FDA rejects Sandoz's Neulasta copy, giving Amgen a break from the biosim onslaught

Amgen’s ($AMGN) aging superstars have been under assault lately by Novartis’ ($NVS) Sandoz unit and its biosimilars ambitions. But the Big Biotech scored a break at the hands of regulators: The FDA rebuffed Sandoz's biosim version of Amgen's blockbuster Neulasta, Novartis disclosed Tuesday.

Within its Q2 results, Novartis revealed that its Neulasta biosimilar candidate had been turned down by the FDA, which issued a complete response letter after accepting the company’s application last November.

“We are working with the agency to address remaining questions,” the Swiss pharma giant said, without providing details.

It’s good news for Amgen, which has so far been the only victim of Sandoz’s biosimilar trailblazing in the U.S. Last year, Sandoz became the first to hit the U.S. market with a biosim--Zarxio, a copy of Amgen’s Neupogen--and it has also taken aim at the drugmaker’s anti-TNF giant Enbrel. An FDA advisory committee last week recommended that the agency green light Sandoz's copy in all of Enbrel’s approved indications.

Now, the California company has at least a bit more time to keep Neulasta’s blockbuster haul all to itself.
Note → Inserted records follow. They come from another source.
(* Let $\pi$ be a measure on $\mathcal Y$ (extended by zero to $\mathbb Z$). The following are equivalent: (1) $\pi$ is a stationary measure (resp. stationary distribution) of $Y_t$ on $\mathcal Y$. (2) $\pi$ is a non-negative measure (resp. probability distribution) on $\mathcal Y$ such that for every $x\in\mathbb N_0$, $$\sum_{\omega\in\Omega_-}\ \sum_{j=\omega\omega_*^{-1}+1}^{0}\lambda_\omega(x-j\omega_* )\pi(x-j\omega_* )=\sum_{\omega\in\Omega_+}\ \sum_{j=1}^{\omega\omega_*^{-1}}\lambda_\omega(x-j\omega_* )\pi(x-j\omega_* )<\infty .$$ (3) $\pi$ is a non-negative measure (resp. probability distribution) on $\mathcal Y$ such that for every $x\in\mathbb N_0$, $$\sum_{j=\omega_-+1}^{0}\pi(x-j\omega_* )\sum_{\omega\in A_j}\lambda_\omega(x-j\omega_* )=\sum_{j=1}^{\omega_+}\pi(x-j\omega_* )\sum_{\omega\in A_j}\lambda_\omega(x-j\omega_* )<\infty .$$
   Context: Let $(Y_t)_{t\ge0}$ be a minimal continuous-time Markov chain on a state space $\mathcal Y\subseteq\mathbb N_0$ with transition rate matrix $Q=(q_{x,y})_{x,y\in\mathcal Y}$ with finite entries. Let $\Omega=\{y-x: q_{x,y}>0\text{ for some }x,y\in\mathcal Y\}$ and $\lambda_\omega(x)=q_{x,x+\omega}$ for $x\in\mathcal Y$, $\omega\in\Omega$. Convention: functions defined on $\mathcal Y$ (such as $\lambda_\omega$ and measures $\pi$) are set to $0$ at points of $\mathbb Z\setminus\mathcal Y$. Let $\Omega_+=\{\omega\in\Omega:\omega>0\}$, $\Omega_-=\{\omega\in\Omega:\omega<0\}$, $\omega_*=\gcd(\Omega)>0$, $\omega_+=\max_{\omega\in\Omega_+}\omega/\omega_*$, $\omega_-=\min_{\omega\in\Omega_-}\omega/\omega_*$ (with $\max\varnothing=-\infty$, $\min\varnothing=+\infty$, and max/min equal to $\pm\infty$ if unbounded). For integers $j$ with $\omega_-\le j\le\omega_++1$ let $A_j=\{\omega\in\Omega_-: j\omega_*>\omega\}$ if $j\le0$ and $A_j=\{\omega\in\Omega_+: j\omega_*\le\omega\}$ if $j\ge1$. A stationary measure of $Y_t$ is a non-negative measure $\pi$ on $\mathcal Y$ satisfying the master equation $0=\sum_{\omega\in\Omega}\lambda_\omega(x-\omega)\pi(x-\omega)-\sum_{\omega\in\Omega}\lambda_\omega(x)\pi(x)$ for all $x\in\mathcal Y$; a stationary distribution is a stationary measure that is a probability measure. *)

theory Defs
  imports "HOL-Analysis.Analysis"
begin

text \<open>States are integers; the state space Y is a subset of the non-negative integers.
  The rate matrix is q :: int => int => real, only its entries on Y x Y matter.\<close>

definition is_rate_matrix :: "int set \<Rightarrow> (int \<Rightarrow> int \<Rightarrow> real) \<Rightarrow> bool" where
  "is_rate_matrix Y q \<longleftrightarrow>
     (\<forall>x\<in>Y. \<forall>y\<in>Y. x \<noteq> y \<longrightarrow> 0 \<le> q x y) \<and>
     (\<forall>x\<in>Y. (q x) summable_on (Y - {x}) \<and> q x x = - (\<Sum>\<^sub>\<infinity>y\<in>Y - {x}. q x y))"

definition Omega :: "int set \<Rightarrow> (int \<Rightarrow> int \<Rightarrow> real) \<Rightarrow> int set" where
  "Omega Y q = {y - x | x y. x \<in> Y \<and> y \<in> Y \<and> q x y > 0}"

definition Omega_plus :: "int set \<Rightarrow> (int \<Rightarrow> int \<Rightarrow> real) \<Rightarrow> int set" where
  "Omega_plus Y q = {\<omega> \<in> Omega Y q. \<omega> > 0}"

definition Omega_minus :: "int set \<Rightarrow> (int \<Rightarrow> int \<Rightarrow> real) \<Rightarrow> int set" where
  "Omega_minus Y q = {\<omega> \<in> Omega Y q. \<omega> < 0}"

definition lam :: "int set \<Rightarrow> (int \<Rightarrow> int \<Rightarrow> real) \<Rightarrow> int \<Rightarrow> int \<Rightarrow> real" where
  "lam Y q \<omega> x = (if x \<in> Y \<and> x + \<omega> \<in> Y then q x (x + \<omega>) else 0)"

definition omega_star :: "int set \<Rightarrow> (int \<Rightarrow> int \<Rightarrow> real) \<Rightarrow> int" where
  "omega_star Y q = Gcd (Omega Y q)"

text \<open>omega_+ and omega_- as extended reals: Sup {} = -infinity, Inf {} = +infinity,
  and unbounded sets give +/- infinity.\<close>
definition omega_plus :: "int set \<Rightarrow> (int \<Rightarrow> int \<Rightarrow> real) \<Rightarrow> ereal" where
  "omega_plus Y q = (SUP \<omega>\<in>Omega_plus Y q. ereal (of_int \<omega> / of_int (omega_star Y q)))"

definition omega_minus :: "int set \<Rightarrow> (int \<Rightarrow> int \<Rightarrow> real) \<Rightarrow> ereal" where
  "omega_minus Y q = (INF \<omega>\<in>Omega_minus Y q. ereal (of_int \<omega> / of_int (omega_star Y q)))"

definition A_set :: "int set \<Rightarrow> (int \<Rightarrow> int \<Rightarrow> real) \<Rightarrow> int \<Rightarrow> int set" where
  "A_set Y q j = (if j \<le> 0 then {\<omega> \<in> Omega_minus Y q. j * omega_star Y q > \<omega>}
                  else {\<omega> \<in> Omega_plus Y q. j * omega_star Y q \<le> \<omega>})"

definition nonneg_measure_on :: "int set \<Rightarrow> (int \<Rightarrow> real) \<Rightarrow> bool" where
  "nonneg_measure_on Y \<pi> \<longleftrightarrow> (\<forall>x. 0 \<le> \<pi> x) \<and> (\<forall>x. x \<notin> Y \<longrightarrow> \<pi> x = 0)"

definition prob_on :: "int set \<Rightarrow> (int \<Rightarrow> real) \<Rightarrow> bool" where
  "prob_on Y \<pi> \<longleftrightarrow> nonneg_measure_on Y \<pi> \<and> (\<Sum>\<^sub>\<infinity>x\<in>Y. ennreal (\<pi> x)) = 1"

text \<open>Master equation: inflow = outflow at every state of Y (sums of non-negative
  terms, taken in the extended non-negative reals; outflow is finite for a rate matrix).\<close>
definition stationary_measure :: "int set \<Rightarrow> (int \<Rightarrow> int \<Rightarrow> real) \<Rightarrow> (int \<Rightarrow> real) \<Rightarrow> bool" where
  "stationary_measure Y q \<pi> \<longleftrightarrow> nonneg_measure_on Y \<pi> \<and>
     (\<forall>x\<in>Y. (\<Sum>\<^sub>\<infinity>\<omega>\<in>Omega Y q. ennreal (lam Y q \<omega> (x - \<omega>) * \<pi> (x - \<omega>)))
           = (\<Sum>\<^sub>\<infinity>\<omega>\<in>Omega Y q. ennreal (lam Y q \<omega> x * \<pi> x)))"

definition stationary_distribution :: "int set \<Rightarrow> (int \<Rightarrow> int \<Rightarrow> real) \<Rightarrow> (int \<Rightarrow> real) \<Rightarrow> bool" where
  "stationary_distribution Y q \<pi> \<longleftrightarrow> stationary_measure Y q \<pi> \<and> prob_on Y \<pi>"

definition cond2 :: "int set \<Rightarrow> (int \<Rightarrow> int \<Rightarrow> real) \<Rightarrow> (int \<Rightarrow> real) \<Rightarrow> bool" where
  "cond2 Y q \<pi> \<longleftrightarrow> (\<forall>x::int. 0 \<le> x \<longrightarrow>
     (let s = omega_star Y q;
          L = (\<Sum>\<^sub>\<infinity>\<omega>\<in>Omega_minus Y q. \<Sum>\<^sub>\<infinity>j\<in>{\<omega> div s + 1..0}.
                 ennreal (lam Y q \<omega> (x - j * s) * \<pi> (x - j * s)));
          R = (\<Sum>\<^sub>\<infinity>\<omega>\<in>Omega_plus Y q. \<Sum>\<^sub>\<infinity>j\<in>{1..\<omega> div s}.
                 ennreal (lam Y q \<omega> (x - j * s) * \<pi> (x - j * s)))
      in L = R \<and> R < \<infinity>))"

definition cond3 :: "int set \<Rightarrow> (int \<Rightarrow> int \<Rightarrow> real) \<Rightarrow> (int \<Rightarrow> real) \<Rightarrow> bool" where
  "cond3 Y q \<pi> \<longleftrightarrow> (\<forall>x::int. 0 \<le> x \<longrightarrow>
     (let s = omega_star Y q;
          L = (\<Sum>\<^sub>\<infinity>j\<in>{j::int. omega_minus Y q < ereal (of_int j) \<and> j \<le> 0}.
                 ennreal (\<pi> (x - j * s)) * (\<Sum>\<^sub>\<infinity>\<omega>\<in>A_set Y q j. ennreal (lam Y q \<omega> (x - j * s))));
          R = (\<Sum>\<^sub>\<infinity>j\<in>{j::int. 1 \<le> j \<and> ereal (of_int j) \<le> omega_plus Y q}.
                 ennreal (\<pi> (x - j * s)) * (\<Sum>\<^sub>\<infinity>\<omega>\<in>A_set Y q j. ennreal (lam Y q \<omega> (x - j * s))))
      in L = R \<and> R < \<infinity>))"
Amgen’s No. 2 seller, behind Enbrel, Neulasta netted $4.72 billion in sales last year, with $3.89 billion of that coming in the U.S.

It’s not the first time the FDA has rejected an Amgen knockoff, either. Last October, regulators turned away Pfizer’s ($PFE) Hospira unit, which was seeking to pass muster with a biosimilar version of kidney disease drug Epogen.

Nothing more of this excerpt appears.